» **WHAT THE TASK REQUIRES**:
Once you find a line containing the word "with" in the entries below, copy it.

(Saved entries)

lemma p_equiv_snoc_unique:
  assumes s: "s \<in> idx_lists n N" "{0..<n} \<subseteq> set s" and "w < n" "h < n"
    and equiv: "p_equiv n a B (Suc N) (s @ [w]) (s @ [h])"
  shows "w = h"
proof (rule twin_free_eqI[OF assms(3,4) s(2)], intro ballI)
  fix c assume "c \<in> set s"
  then obtain p where p: "p < N" "s ! p = c"
    using s(1) by (auto simp: in_set_conv_nth idx_lists_def)
  have "s @ [w] \<in> idx_lists n (Suc N)" "s @ [h] \<in> idx_lists n (Suc N)"
    using s(1) assms(3,4) by (auto simp: idx_lists_def)
  from p_equiv_single_edge[OF equiv this, of N p] show "B w c = B h c"
    using p s(1) by (simp add: idx_lists_def nth_append)
qed

text \<open>Unlabelling the last vertex of the indicator of the class of \<open>s @ [h]\<close> compares
  the weight \<open>a h\<close> with the weights of the extensions of \<open>t\<close> in that class.\<close>

lemma class_indicator_snoc:
  assumes s: "s \<in> idx_lists n N" "{0..<n} \<subseteq> set s" and "v < n" "w < n"
    and equiv: "p_equiv n a B (Suc N) (s @ [v]) zs"
  shows "class_indicator n a B (Suc N) zs (s @ [w]) = (if w = v then 1 else 0)"
proof -
  have idx: "s @ [w] \<in> idx_lists n (Suc N)"
    using s(1) \<open>w < n\<close> by (auto simp: idx_lists_def)
  show ?thesis
  proof (cases "w = v")
    case True
    then show ?thesis
      using idx equiv by (simp add: class_indicator_def p_class_def)
  next
    case False
    have "\<not> p_equiv n a B (Suc N) (s @ [w]) zs"
    proof
      assume "p_equiv n a B (Suc N) (s @ [w]) zs"
      from p_equiv_trans[OF this p_equiv_sym[OF equiv]] have "w = v"
        by (rule p_equiv_snoc_unique[OF s \<open>w < n\<close> \<open>v < n\<close>])
      with False show False ..
    qed
    then show ?thesis
      using False by (simp add: class_indicator_def p_class_def)
  qed
qed

lemma p_equiv_snoc_exists:
  assumes s: "s \<in> idx_lists n N" "{0..<n} \<subseteq> set s"
    and t: "t \<in> idx_lists n N" "{0..<n} \<subseteq> set t"
    and equiv: "p_equiv n a B N t s" and h: "h < n"
  shows "\<exists>w<n. a w = a h \<and> p_equiv n a B (Suc N) (t @ [w]) (s @ [h])"
proof -
  define f where "f = class_indicator n a B (Suc N) (s @ [h])"
  have "s @ [h] \<in> idx_lists n (Suc N)"
    using s(1) h by (auto simp: idx_lists_def)
  then have "f \<in> p_span n a B (N + 1)"
    using class_indicator_in_p_span by (simp add: f_def)
  then have "(\<Sum>w<n. a w * f (t @ [w])) = (\<Sum>w<n. a w * f (s @ [w]))"
    using p_span_unlabel[of f n a B N 1 t s] equiv idx_lists_length[OF s(1)] idx_lists_length[OF t(1)]
    by (simp add: sum_idx_lists_1)
  also have "\<dots> = (\<Sum>w<n. if w = h then a w else 0)"
    using class_indicator_snoc[OF s h _ p_equiv_refl] by (intro sum.cong) (simp_all add: f_def)
  also have "\<dots> = a h"
    using h by simp
  finally have sum_t: "(\<Sum>w<n. a w * f (t @ [w])) = a h" .
  then have "(\<Sum>w<n. a w * f (t @ [w])) \<noteq> 0"
    using a_nonzero h by simp
  then obtain w where w: "w \<in> {..<n}" "a w * f (t @ [w]) \<noteq> 0"
    by (rule sum.not_neutral_contains_not_neutral)
  then have w_equiv: "p_equiv n a B (Suc N) (t @ [w]) (s @ [h])"
    by (simp add: f_def class_indicator_def p_class_def split: if_splits)
  have "(\<Sum>v<n. a v * f (t @ [v])) = (\<Sum>v<n. if v = w then a v else 0)"
    using class_indicator_snoc[OF t _ _ w_equiv] w(1) by (intro sum.cong) (simp_all add: f_def)
  also have "\<dots> = a w"
    using w(1) by simp
  finally have "(\<Sum>v<n. a v * f (t @ [v])) = a w" .
  then show ?thesis
    using sum_t w(1) w_equiv by auto
qed

text \<open>In a frame \<open>p_equiv (k + n) (ys @ ws) (xs @ [0..<n])\<close> every vertex carries a label, and
  \<open>ws\<close> is the candidate automorphism mapping \<open>xs\<close> to \<open>ys\<close>.\<close>

lemma p_equiv_frame_B_distinct:
  assumes xs: "xs \<in> idx_lists n k" and ys: "ys \<in> idx_lists n k" and ws: "ws \<in> idx_lists n n"
    and frame: "p_equiv n a B (k + n) (ys @ ws) (xs @ [0..<n])"
  shows "\<forall>i<n. \<forall>j<n. B (ws ! i) (ws ! j) = B i j" and "distinct ws"
proof -
  have len: "length xs = k" "length ys = k" "length ws = n"
    using xs ys ws by (simp_all add: idx_lists_length)
  show B_ws: "\<forall>i<n. \<forall>j<n. B (ws ! i) (ws ! j) = B i j"
  proof (intro allI impI)
    fix i j assume "i < n" "j < n"
    then show "B (ws ! i) (ws ! j) = B i j"
      using p_equiv_single_edge[OF frame idx_lists_append[OF ys ws]
          idx_lists_append[OF xs upt_in_idx_lists], of "k + i" "k + j"] len
      by (simp add: nth_append)
  qed
  show "distinct ws"
    unfolding distinct_conv_nth
  proof (intro allI impI)
    fix i j assume ij: "i < length ws" "j < length ws" "i \<noteq> j"
    show "ws ! i \<noteq> ws ! j"
    proof
      assume "ws ! i = ws ! j"
      then have "\<forall>l\<in>{0..<n}. B i l = B j l"
        using B_ws ij len by (metis atLeastLessThan_iff)
      then show False
        using twin_free_eqI[of i j "{0..<n}"] ij len by simp
    qed
  qed
qed

lemma p_equiv_frame_eqI:
  assumes xs: "xs \<in> idx_lists n k" and ys: "ys \<in> idx_lists n k" and ws: "ws \<in> idx_lists n n"
    and frame: "p_equiv n a B (k + n) (ys @ ws) (xs @ [0..<n])"
    and "w < n" "v < n" "\<forall>l<n. B w (ws ! l) = B v (ws ! l)"
  shows "w = v"
proof (rule twin_free_eqI[OF assms(5,6)])
  show "{0..<n} \<subseteq> set ws"
    using set_distinct_idx_list[OF ws p_equiv_frame_B_distinct(2)[OF xs ys ws frame]] by simp
  show "\<forall>c\<in>set ws. B w c = B v c"
    using assms(7) idx_lists_length[OF ws] by (auto simp: in_set_conv_nth)
qed

lemma p_equiv_frame_label:
  assumes xs: "xs \<in> idx_lists n k" and ys: "ys \<in> idx_lists n k" and ws: "ws \<in> idx_lists n n"
    and frame: "p_equiv n a B (k + n) (ys @ ws) (xs @ [0..<n])" and "j < k"
  shows "ys ! j = ws ! (xs ! j)"
proof (rule p_equiv_frame_eqI[OF xs ys ws frame])
  have len: "length xs = k" "length ys = k" "length ws = n"
    using xs ys ws by (simp_all add: idx_lists_length)
  show "ys ! j < n" "ws ! (xs ! j) < n"
    using idx_lists_nth[OF ys \<open>j < k\<close>] idx_lists_nth[OF ws idx_lists_nth[OF xs \<open>j < k\<close>]] .
  show "\<forall>l<n. B (ys ! j) (ws ! l) = B (ws ! (xs ! j)) (ws ! l)"
  proof (intro allI impI)
    fix l assume "l < n"
    then have "B (ys ! j) (ws ! l) = B (xs ! j) l"
      using p_equiv_single_edge[OF frame idx_lists_append[OF ys ws]
          idx_lists_append[OF xs upt_in_idx_lists], of j "k + l"] len \<open>j < k\<close>
      by (simp add: nth_append)
    also have "\<dots> = B (ws ! (xs ! j)) (ws ! l)"
      using p_equiv_frame_B_distinct(1)[OF xs ys ws frame] idx_lists_nth[OF xs \<open>j < k\<close>] \<open>l < n\<close>
      by simp
    finally show "B (ys ! j) (ws ! l) = B (ws ! (xs ! j)) (ws ! l)" .
  qed
qed

lemma p_equiv_frame_weight:
  assumes xs: "xs \<in> idx_lists n k" and ys: "ys \<in> idx_lists n k" and ws: "ws \<in> idx_lists n n"
    and frame: "p_equiv n a B (k + n) (ys @ ws) (xs @ [0..<n])" and h: "h < n"
  shows "a (ws ! h) = a h"
proof -
  have len: "length xs = k" "length ys = k" "length ws = n"
    using xs ys ws by (simp_all add: idx_lists_length)
  have "{0..<n} \<subseteq> set (ys @ ws)"
    using set_distinct_idx_list[OF ws p_equiv_frame_B_distinct(2)[OF xs ys ws frame]] by simp
  then obtain w where w: "w < n" "a w = a h"
    and extended: "p_equiv n a B (Suc (k + n)) ((ys @ ws) @ [w]) ((xs @ [0..<n]) @ [h])"
    using p_equiv_snoc_exists[OF idx_lists_append[OF xs upt_in_idx_lists] _
        idx_lists_append[OF ys ws] _ frame h]
    by auto
  have ext_idx: "(ys @ ws) @ [w] \<in> idx_lists n (Suc (k + n))"
      "(xs @ [0..<n]) @ [h] \<in> idx_lists n (Suc (k + n))"
    using xs ys ws w(1) h by (auto simp: idx_lists_def)
  have "w = ws ! h"
  proof (rule p_equiv_frame_eqI[OF xs ys ws frame w(1) idx_lists_nth[OF ws h]], intro allI impI)
    fix l assume "l < n"
    then have "B w (ws ! l) = B h l"
      using p_equiv_single_edge[OF extended ext_idx, of "k + n" "k + l"] len
      by (simp add: nth_append)
    then show "B w (ws ! l) = B (ws ! h) (ws ! l)"
      using p_equiv_frame_B_distinct(1)[OF xs ys ws frame] h \<open>l < n\<close> by simp
  qed
  then show ?thesis using w(2) by simp
qed

lemma p_equiv_frame_imp_Aut:
  assumes xs: "xs \<in> idx_lists n k" and ys: "ys \<in> idx_lists n k" and ws: "ws \<in> idx_lists n n"
    and frame: "p_equiv n a B (k + n) (ys @ ws) (xs @ [0..<n])"
  shows "\<exists>g\<in>Aut n a B. map g xs = ys \<and> map g [0..<n] = ws"
proof -
  define g where "g = (\<lambda>i. if i < n then ws ! i else i)"
  have "g \<in> Aut n a B"
    using permutes_of_distinct_idx_list[OF ws p_equiv_frame_B_distinct(2)[OF assms]]
      p_equiv_frame_weight[OF assms] p_equiv_frame_B_distinct(1)[OF assms]
    by (simp add: Aut_def g_def)
  moreover have "map g xs = ys"
    using p_equiv_frame_label[OF assms] idx_lists_nth[OF xs] xs ys
    by (intro nth_equalityI) (simp_all add: g_def idx_lists_length)
  moreover have "map g [0..<n] = ws"
    using idx_lists_length[OF ws] by (intro nth_equalityI) (simp_all add: g_def)
  ultimately show ?thesis by blast
qed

» **ANSWER SECTION**:
  the weight \<open>a h\<close> with the weights of the extensions of \<open>t\<close> in that class.\<close>
      with False show False ..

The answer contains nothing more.